Politica - 09 settembre 2026, 21:50

«Esci il lenzuolo, esci il dissenso»

Iniziativa di protesta contro le politiche del Governo in occasione della visita a Vercelli della premier Meloni

«Esci il lenzuolo, esci il dissenso»

​«Se non condividi l'operato di questo governo, esprimi il tuo dissenso: stendi un lenzuolo bianco dal balcone o dalla finestra. Dalla sera di giovedì 10 settembre fino a tutto venerdì. Se vuoi, aggiungi un messaggio per Giorgia Meloni in occasione della sua visita in città per Risò». L'invito a una forma pacifica di protesta arriva dal Comitato Vercelli Antifascista Antirazzista e da Vercelli per la Palestina. Che poi sottolinea una serie di «record negativi» del Governo più longevo della Repubblica:

- ​Stipendi in calo: Un lavoratore in Italia, al netto dell'inflazione, guadagna in media il 6,6% in meno rispetto al 1990
- ​Crescita ferma: L'Italia è tornata allo "zero virgola" per la crescita del Pil, dietro a ben 20 Paesi europei.
- ​Potere d'acquisto: Crollo dell'11% negli ultimi 4 anni.
- ​Povertà: 5,8 milioni di italiani vivono in povertà assoluta, senza risorse sufficienti per cibo, bollette e cure.
- ​Rincari (Istat maggio 2026): Stangata sui combustibili liquidi (+38,4%), con la benzina oltre i 2€/l, gasolio da riscaldamento (+36,8%), energia elettrica (+12,7%).
- ​Denatalità record: Nel 2025 registrato il dato peggiore dal dopoguerra, causa mancanza di servizi, stabilità lavorativa e redditi adeguati.
- ​Pressione fiscale: Salita al 43,1% del Pil, il dato più alto dal 2014.
- ​Libertà di stampa: Italia precipitata al 56° posto globale, ultima tra i Paesi europei e dietro a Ghana, Gambia e Costa d'Avorio.
- ​Spese militari: Nel 2025 destinati 8,6 miliardi di euro agli armamenti (7,5 miliardi nel '24).
- ​Istruzione: Solo il 31,1% dei giovani ha una laurea (media UE: 44,8%). Siamo penultimi nell'UE, prima solo della Romania.
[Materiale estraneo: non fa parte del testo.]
lemma prod_bead_gap_pairs:
  assumes "finite X" "\<forall>x\<in>X. x \<le> M"
  shows "(\<Prod>(b, c)\<in>bead_gap_pairs Q X. b - c) = (\<Prod>h | 0 < h \<and> h \<le> M \<and> Q h. h ^ hook_count X h)"
proof -
  have "bead_gap_pairs Q X \<subseteq> X \<times> {..M}"
    using assms(2) by (auto simp: bead_gap_pairs_def)
  then have fin: "finite (bead_gap_pairs Q X)"
    by (rule finite_subset) (simp add: assms(1))
  have "(\<Prod>(b, c)\<in>bead_gap_pairs Q X. b - c) = (\<Prod>q\<in>bead_gap_pairs Q X. fst q - snd q)"
    by (simp add: split_def)
  also have "\<dots> = (\<Prod>h | 0 < h \<and> h \<le> M \<and> Q h.
      \<Prod>q\<in>{q \<in> bead_gap_pairs Q X. fst q - snd q = h}. fst q - snd q)"
  proof (rule prod.group[symmetric])
    show "(\<lambda>q. fst q - snd q) ` bead_gap_pairs Q X \<subseteq> {h. 0 < h \<and> h \<le> M \<and> Q h}"
      using assms(2) by (auto simp: bead_gap_pairs_def)
  qed (simp_all add: fin)
  also have "\<dots> = (\<Prod>h | 0 < h \<and> h \<le> M \<and> Q h. h ^ hook_count X h)"
  proof (rule prod.cong[OF refl])
    fix h assume h: "h \<in> {h. 0 < h \<and> h \<le> M \<and> Q h}"
    have "(\<Prod>q\<in>{q \<in> bead_gap_pairs Q X. fst q - snd q = h}. fst q - snd q)
        = h ^ card {q \<in> bead_gap_pairs Q X. fst q - snd q = h}"
      by simp
    also have "card {q \<in> bead_gap_pairs Q X. fst q - snd q = h} = hook_count X h"
      using h by (simp add: hook_count_def bead_gap_pairs_diff_eq_image card_image inj_on_def)
    finally show "(\<Prod>q\<in>{q \<in> bead_gap_pairs Q X. fst q - snd q = h}. fst q - snd q) = h ^ hook_count X h" .
  qed
  finally show ?thesis .
qed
​In 1413 giorni, il governo ha portato avanti il proprio programma a colpi di decreti legge, in barba alla democrazia, introdotto nuovi reati, inasprendo le pene per proteste pacifiche e limitando il dissenso, senza affrontare le vere priorità: sanità pubblica, scuola e transizione ecologica. Un esecutivo che non condanna la tragedia del popolo palestinese e invece propone un "ddl antisemitismo" che rischia di imbavagliare ogni critica alle politiche di Israele.
 

c.s.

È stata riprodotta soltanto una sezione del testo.